BEGIN Source records

(* Let $\sigma$ be a permutation of $[n]$. Then every interval of integers of length $\sqrt{32\,n\,D(\sigma)}$ contained in $[n]$ contains an element of $A_\sigma$.
   Context: $[n]=\{1,\dots,n\}$, identified with $\mathbb{Z}_n$. For $k\in[n]$, $B_\sigma(k)=|\{1\le q\le k:\sigma(q)\le\sigma(k)\}|$ and $A_\sigma=\{B_\sigma(k):k\in[n]\}$. An interval of $\mathbb{Z}_n$ is any subset that is the image of an interval of consecutive integers under the projection $\mathbb{Z}\to\mathbb{Z}_n$ (wrap-around allowed). For $S,T\subseteq\mathbb{Z}_n$, $D_T(S)=\bigl|\,|S\cap T|-|S||T|/n\,\bigr|$, and $D(\sigma)=\max_{I,J}D_J(\sigma(I))$ over all intervals $I,J$ of $\mathbb{Z}_n$. *)

theory Defs
  imports Complex_Main "HOL-Combinatorics.Permutations"
begin

(* [n] = {1..n} identified with Z_n via k \<mapsto> k mod n; the projection Z \<rightarrow> [n] *)
definition proj_n :: "nat \<Rightarrow> int \<Rightarrow> nat" where
  "proj_n n x = nat ((x - 1) mod int n) + 1"

(* intervals of Z_n (as subsets of [n]): images of runs of consecutive integers, wrap-around allowed *)
definition zn_intervals :: "nat \<Rightarrow> nat set set" where
  "zn_intervals n = {proj_n n ` {a..<a + int m} | a m. True}"

definition Bsig :: "(nat \<Rightarrow> nat) \<Rightarrow> nat \<Rightarrow> nat" where
  "Bsig \<sigma> k = card {q. 1 \<le> q \<and> q \<le> k \<and> \<sigma> q \<le> \<sigma> k}"

definition Asig :: "nat \<Rightarrow> (nat \<Rightarrow> nat) \<Rightarrow> nat set" where
  "Asig n \<sigma> = Bsig \<sigma> ` {1..n}"

definition discr :: "nat \<Rightarrow> nat set \<Rightarrow> nat set \<Rightarrow> real" where
  "discr n T S = \<bar>real (card (S \<inter> T)) - real (card S) * real (card T) / real n\<bar>"

definition Dsig :: "nat \<Rightarrow> (nat \<Rightarrow> nat) \<Rightarrow> real" where
  "Dsig n \<sigma> = Max {discr n J (\<sigma> ` I) | I J. I \<in> zn_intervals n \<and> J \<in> zn_intervals n}"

END Source records

> [What is being asked]: A complete answer lists each line of the data that holds the word "Bsig".

> [Written answer]:
definition Bsig :: "(nat \<Rightarrow> nat) \<Rightarrow> nat \<Rightarrow> nat" where
  "Bsig \<sigma> k = card {q. 1 \<le> q \<and> q \<le> k \<and> \<sigma> q \<le> \<sigma> k}"
  "Asig n \<sigma> = Bsig \<sigma> ` {1..n}"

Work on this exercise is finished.